Donald Boumphrey

Personal information
- Full name: Donald Boumphrey
- Born: 4 October 1892 Birkenhead, Cheshire, England
- Died: 12 September 1971 (aged 78) Aughton, Lancashire, England
- Relations: Colin Boumphrey (brother)

Domestic team information
- 1928: Wales
- 1914–1933: Cheshire

Career statistics
| Competition | First-class |
| Matches | 1 |
| Runs scored | 10 |
| Batting average | 5.00 |
| 100s/50s | –/– |
| Top score | 6 |
| Balls bowled | – |
| Wickets | – |
| Bowling average | – |
| 5 wickets in innings | – |
| 10 wickets in match | – |
| Best bowling | – |
| Catches/stumpings | –/– |
- Source: Cricinfo, 12 April 2011

= Donald Boumphrey =

English cricketer, educator, and British Army officer

Donald Boumphrey MC (4 October 1892 – 12 September 1971) was an English cricketer, educator and British Army officer. As a cricketer, his batting and bowling styles are unknown, though, from his rehearsing in old age the feats he had performed as a young man, he was a right-handed batsman and a finger-spin bowler.

Born in Birkenhead, Cheshire to Edwin Joseph Boumphrey and his wife Mary, he was christened in Wallasey, Cheshire on 13 November 1892. He was educated at Shrewsbury School, where he represented the school cricket team.

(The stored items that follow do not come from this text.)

lemma descendants_subset_insert_children:
  assumes "rooted_subtree W"
  shows "descendants x \<inter> W \<subseteq> insert x (\<Union>c\<in>children W x. descendants c \<inter> W)"
proof
  fix y assume y: "y \<in> descendants x \<inter> W"
  show "y \<in> insert x (\<Union>c\<in>children W x. descendants c \<inter> W)"
  proof (cases "y = x")
    case False
    obtain k where "(par ^^ k) y = x" "\<forall>i<k. (par ^^ i) y \<noteq> x"
      using y exists_least_iff[of "\<lambda>k. (par ^^ k) y = x"] unfolding descendants_def by blast
    moreover from this False obtain j where "k = Suc j" by (cases k) auto
    ultimately have "(par ^^ j) y \<in> children W x"
      using rooted_subtree_funpow_par[OF assms] y unfolding children_def by auto
    moreover have "y \<in> descendants ((par ^^ j) y)" unfolding descendants_def by blast
    ultimately show ?thesis using y by blast
  qed simp
qed

lemma depth_less_child:
  assumes "rooted_subtree W" "c \<in> children W x"
  shows "depth x < depth c"
proof -
  have "c \<in> V" "c \<noteq> rt" "par c = x"
    using assms par_root unfolding rooted_subtree_def children_def by auto
  then show ?thesis using depth_par_less by blast
qed

lemma children_subset_neighbours:
  "rooted_subtree W \<Longrightarrow> children W x \<subseteq> {u \<in> V. E x u}"
  unfolding rooted_subtree_def children_def using edge_par sym par_root by fastforce

lemma card_children_le_degree:
  "rooted_subtree W \<Longrightarrow> card (children W x) \<le> degree V E x"
  unfolding degree_def using children_subset_neighbours finite_V by (simp add: card_mono)

lemma card_children_less_degree:
  assumes "rooted_subtree W" "x \<in> V" "x \<noteq> rt"
  shows "card (children W x) < degree V E x"
proof -
  have "par x \<notin> children W x" using depth_less_child[OF assms(1)] depth_par_less assms(2,3) by fastforce
  moreover have "par x \<in> {u \<in> V. E x u}" using par_in_V edge_par assms(2,3) by blast
  ultimately show ?thesis
    unfolding degree_def using children_subset_neighbours[OF assms(1)] finite_V
    by (intro psubset_card_mono) auto
qed

lemma card_descendants_le:
  assumes "rooted_subtree W" and small: "\<forall>c\<in>children W x. card (descendants c \<inter> W) < l"
  shows "card (descendants x \<inter> W) \<le> 1 + card (children W x) * (l - 1)"
proof -
  have "finite W" using assms(1) by (rule rooted_subtree_finite)
  then have fin: "finite (children W x)" unfolding children_def by simp
  have small': "card (descendants c \<inter> W) \<le> l - 1" if "c \<in> children W x" for c
    using small[rule_format, OF that] by linarith
  have "card (descendants x \<inter> W) \<le> card (insert x (\<Union>c\<in>children W x. descendants c \<inter> W))"
    using descendants_subset_insert_children[OF assms(1)] \<open>finite W\<close> fin by (intro card_mono) auto
  also have "\<dots> \<le> 1 + card (\<Union>c\<in>children W x. descendants c \<inter> W)"
    by (simp add: card_insert_le_m1)
  also have "\<dots> \<le> 1 + (\<Sum>c\<in>children W x. card (descendants c \<inter> W))"
    using card_UN_le[OF fin, of "\<lambda>c. descendants c \<inter> W"] by (simp del: Int_UN_distrib2 UN_extend_simps)
  also have "\<dots> \<le> 1 + card (children W x) * (l - 1)"
    using sum_bounded_above[of "children W x" "\<lambda>c. card (descendants c \<inter> W)", OF small'] by simp
  finally show ?thesis .
qed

Boumphrey made his debut for Cheshire in the 1914 Minor Counties Championship against Northumberland. Boumphrey played Minor counties cricket for Cheshire from 1914 to 1933, which included 41 Minor Counties Championship matches In 1928, he played his only first-class match representing Wales against the touring West Indians. In this match he opened the batting for Wales, scoring 6 runs in the Welsh first-innings before being dismissed by George Francis and in their second-innings he scored 4 runs, before being dismissed by Learie Constantine.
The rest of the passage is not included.